Configuring Flink application resources
Generally, Flink automatically identifies the resources for an application. You can configure the Taskmanager, buffer timeout and high availability for a Flink application to maintain resources in a more efficient way.
YARN automatically kills application containers that use more memory than their allocated limit. To avoid Flink TaskManagers getting killed by YARN use the following calculation to set the size: TM total size = TM Heap + Heap-cutoff. The default heap cutoff is 25% and it is also configurable.
Furthermore, use a YARN queue with preemption disabled to avoid long running jobs being affected when the cluster reaches its capacity limit.
Flink uses network buffers to transfer data from one operator to another. These buffers are filled up with data during the specified time for the timeout. In case of high data rates, the set time is usually never reached. For cases when the data rate is high the throughput can be further increased with setting the buffer timeout to an intentionally higher value due to the characteristics of the TCP channel. However this in turn increases the latency of the pipeline.
Flink on YARN jobs are configured to tolerate a maximum number of failed containers before they terminate. Configure the YARN maximum failed containers setting in proportion to the total parallelism and the expected lifetime of the job.

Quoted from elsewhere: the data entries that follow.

lemma fredholm_annihilated_combination:
  assumes hbs: "hol_banach_space \<Omega> B N" and "fredholm B N T"
  obtains n :: nat where
    "\<And>S :: 'i set. \<And>q. finite S \<Longrightarrow> n < card S \<Longrightarrow> q ` S \<subseteq> B \<Longrightarrow>
      \<exists>c. (\<exists>k\<in>S. c k \<noteq> 0) \<and>
          (\<forall>\<Lambda>\<in>adjoint_kernel B N T. \<Lambda> (\<lambda>z. \<Sum>k\<in>S. c k * q k z) = 0)"
proof -
  obtain F where "finite F" and F: "F \<subseteq> adjoint_kernel B N T"
    and spanning: "\<And>\<Lambda>. \<Lambda> \<in> adjoint_kernel B N T \<Longrightarrow> \<exists>d. \<forall>f\<in>B. \<Lambda> f = (\<Sum>\<mu>\<in>F. d \<mu> * \<mu> f)"
    using fredholm_adjoint_kernel_spanned[OF assms(2)] by blast
  show thesis
  proof (rule that[of "card F"])
    fix S q
    assume S: "finite S" "card F < card S" and q: "q ` S \<subseteq> B"
    obtain c where c: "\<exists>k\<in>S. c k \<noteq> 0" "\<forall>\<mu>\<in>F. (\<Sum>k\<in>S. \<mu> (q k) * c k) = 0"
      using homogeneous_system_nontrivial_solution[OF \<open>finite F\<close> S, of "\<lambda>\<mu> k. \<mu> (q k)"] by blast
    define g where "g z = (\<Sum>k\<in>S. c k * q k z)" for z
    have "g \<in> B" unfolding g_def using hol_banach_space_sum[OF hbs S(1) q] .
    have "\<mu> g = 0" if "\<mu> \<in> F" for \<mu>
    proof -
      have "\<mu> g = (\<Sum>k\<in>S. c k * \<mu> (q k))"
        unfolding g_def using F that
        by (intro bounded_functional_sum[OF hbs _ S(1) q]) (auto simp: adjoint_kernel_def)
      also have "\<dots> = 0" using c(2) that by (simp add: mult.commute)
      finally show ?thesis .
    qed
    then have "\<Lambda> g = 0" if "\<Lambda> \<in> adjoint_kernel B N T" for \<Lambda>
    proof -
      from spanning[OF that] obtain d where "\<forall>f\<in>B. \<Lambda> f = (\<Sum>\<mu>\<in>F. d \<mu> * \<mu> f)" ..
      with \<open>g \<in> B\<close> \<open>\<And>\<mu>. \<mu> \<in> F \<Longrightarrow> \<mu> g = 0\<close> show ?thesis by (auto intro!: sum.neutral)
    qed
    with c(1) show "\<exists>c. (\<exists>k\<in>S. c k \<noteq> 0) \<and>
          (\<forall>\<Lambda>\<in>adjoint_kernel B N T. \<Lambda> (\<lambda>z. \<Sum>k\<in>S. c k * q k z) = 0)"
      unfolding g_def by blast
  qed
qed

Configuration | Parameter | Recommended value |
---|---|---|
TM container memory | -ytm / taskmanager.heap.size |
TM Heap + Heap-cutoff |
Max parallelism | env.setMaxParallelism(num) |
120,720,1260,5040 |
Container heap cutoff | containerized.heap-cutoff-ratio |
0.25-0.75 |
Buffer timeout | env.setBufferTimeout(millis) |
1-100 |
YARN queue | -yqu |
A queue with no preemption |
YARN max failed containers | yarn.maximum-failed-containers |
3*num_containers |
YARN max AM failures | yarn.application-attempts |
3-5 |